Died, October 8th, 1873, after a long illness, KATE L., daughter of Edward and Jane E. Tearney, of Harper’s Ferry, and wife of John Walsh, of Cumberland, Md., aged twenty-six years.
The trite phrases of obituary notices would fail to convey an adequate idea of the feeling elicited in this community by the death of this estimable lady, for her character was one of extraordinary amiability, and the sympathies of her many friends and acquaintances are excited to a corresponding degree by her early death. The favorite child of exemplary and indulgent parents, her training from childhood was such as to develop the natural excellence of her character, and never, perhaps, were the advantages of early moral and religious teachings more forcibly illustrated than in her pure life and edifying death.
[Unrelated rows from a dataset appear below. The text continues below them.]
(* Let $f\in\mathcal{A}_c(\mathbb{R})$. Let $g_1,g_2\in C^2(\mathbb{R})$ be such that $\int_{|t|>1}|t^2g_k^{(n)}(t)|\,dt<\infty$ for $n=0,1,2$ and $k=1,2$. Then $\int_{-\infty}^\infty\widehat{f\ast g_1}\,g_2=\int_{-\infty}^\infty\hat f\,\widehat{g_1}\,g_2$.
   Context: $\mathcal{B}_c(\mathbb{R})$ is the set of $F:[-\infty,\infty]\to\mathbb{C}$ continuous on $\mathbb{R}$ with limits $F(\pm\infty)$ existing and $F(-\infty)=0$. $\mathcal{A}_c(\mathbb{R})$ is the set of tempered distributions $f=F'$ (distributional derivative) with $F\in\mathcal{B}_c(\mathbb{R})$; for $g$ of bounded variation, $\int fg=F(\infty)g(\infty)-\int F\,dg$. For $f\in\mathcal{A}_c(\mathbb{R})$ and $g\in L^1(\mathbb{R})$, $f\ast g\in\mathcal{A}_c(\mathbb{R})$ is the distribution whose primitive is $F\ast g(x)=\int F(x-y)g(y)\,dy$. $v_s(t)=(1-ist-e^{-ist})/t^2$ ($t\neq0$), $v_s(0)=s^2/2$; $\Omega_f(s)=\int v_sf$; the Fourier transform of $f\in\mathcal{A}_c(\mathbb{R})$ is $\hat f=\Omega_f''$ (second distributional derivative), with integrals of $\hat f$ against functions understood as distributional integrals; for $g\in L^1$, $\hat g(s)=\int e^{-ist}g(t)dt$. *)

theory Defs
  imports "HOL-Analysis.Analysis"
begin

text \<open>Elements f of A_c are represented by their (unique) primitive F in B_c.\<close>

definition Bc :: "(real \<Rightarrow> complex) set" where
  "Bc = {F. continuous_on UNIV F \<and> (\<exists>L. (F \<longlongrightarrow> L) at_top) \<and> (F \<longlongrightarrow> 0) at_bot}"

definition at_pinf :: "(real \<Rightarrow> complex) \<Rightarrow> complex" where
  "at_pinf F = Lim at_top F"

definition vs :: "real \<Rightarrow> real \<Rightarrow> complex" where
  "vs s t = (if t = 0 then complex_of_real (s^2 / 2)
             else (1 - \<i> * complex_of_real (s * t) - exp (- \<i> * complex_of_real (s * t)))
                  / complex_of_real (t^2))"

text \<open>Integral of f = F' against a (BV, here C^1) function g:
  F(inf) g(inf) - int F dg, with dg = g'(t) dt.\<close>
definition Ac_int :: "(real \<Rightarrow> complex) \<Rightarrow> (real \<Rightarrow> complex) \<Rightarrow> complex" where
  "Ac_int F g = at_pinf F * Lim at_top g
     - (\<integral>t. F t * vector_derivative g (at t) \<partial>lborel)"

definition Omega :: "(real \<Rightarrow> complex) \<Rightarrow> real \<Rightarrow> complex" where
  "Omega F s = Ac_int F (vs s)"

text \<open>Primitive of f * g.\<close>
definition conv_prim :: "(real \<Rightarrow> complex) \<Rightarrow> (real \<Rightarrow> complex) \<Rightarrow> real \<Rightarrow> complex" where
  "conv_prim F g x = (\<integral>y. F (x - y) * g y \<partial>lborel)"

definition FT :: "(real \<Rightarrow> complex) \<Rightarrow> real \<Rightarrow> complex" where
  "FT g s = (\<integral>t. exp (- \<i> * complex_of_real (s * t)) * g t \<partial>lborel)"

definition second_deriv :: "(real \<Rightarrow> complex) \<Rightarrow> real \<Rightarrow> complex" where
  "second_deriv h s = vector_derivative (\<lambda>x. vector_derivative h (at x)) (at s)"

text \<open>Distributional integral of hat f = Omega_f'' against phi: int Omega_f phi''.\<close>
definition FT_Ac_int :: "(real \<Rightarrow> complex) \<Rightarrow> (real \<Rightarrow> complex) \<Rightarrow> complex" where
  "FT_Ac_int F phi = (\<integral>s. Omega F s * second_deriv phi s \<partial>lborel)"

end

theory Submission
  imports Defs "HOL-Probability.Characteristic_Functions" "HOL-Probability.Sinc_Integral"
begin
Surrounded from her infancy with all the comforts and elegancies of life and educated in all the accomplishments known to the day, she exhibited in her manners a rare christian humility which made her the idol of her acquaintances– snatched at an early age by death, from the happiest surroundings and the ministrations of the most devoted parental and conjugal love, she manifested a perfect christian resignation.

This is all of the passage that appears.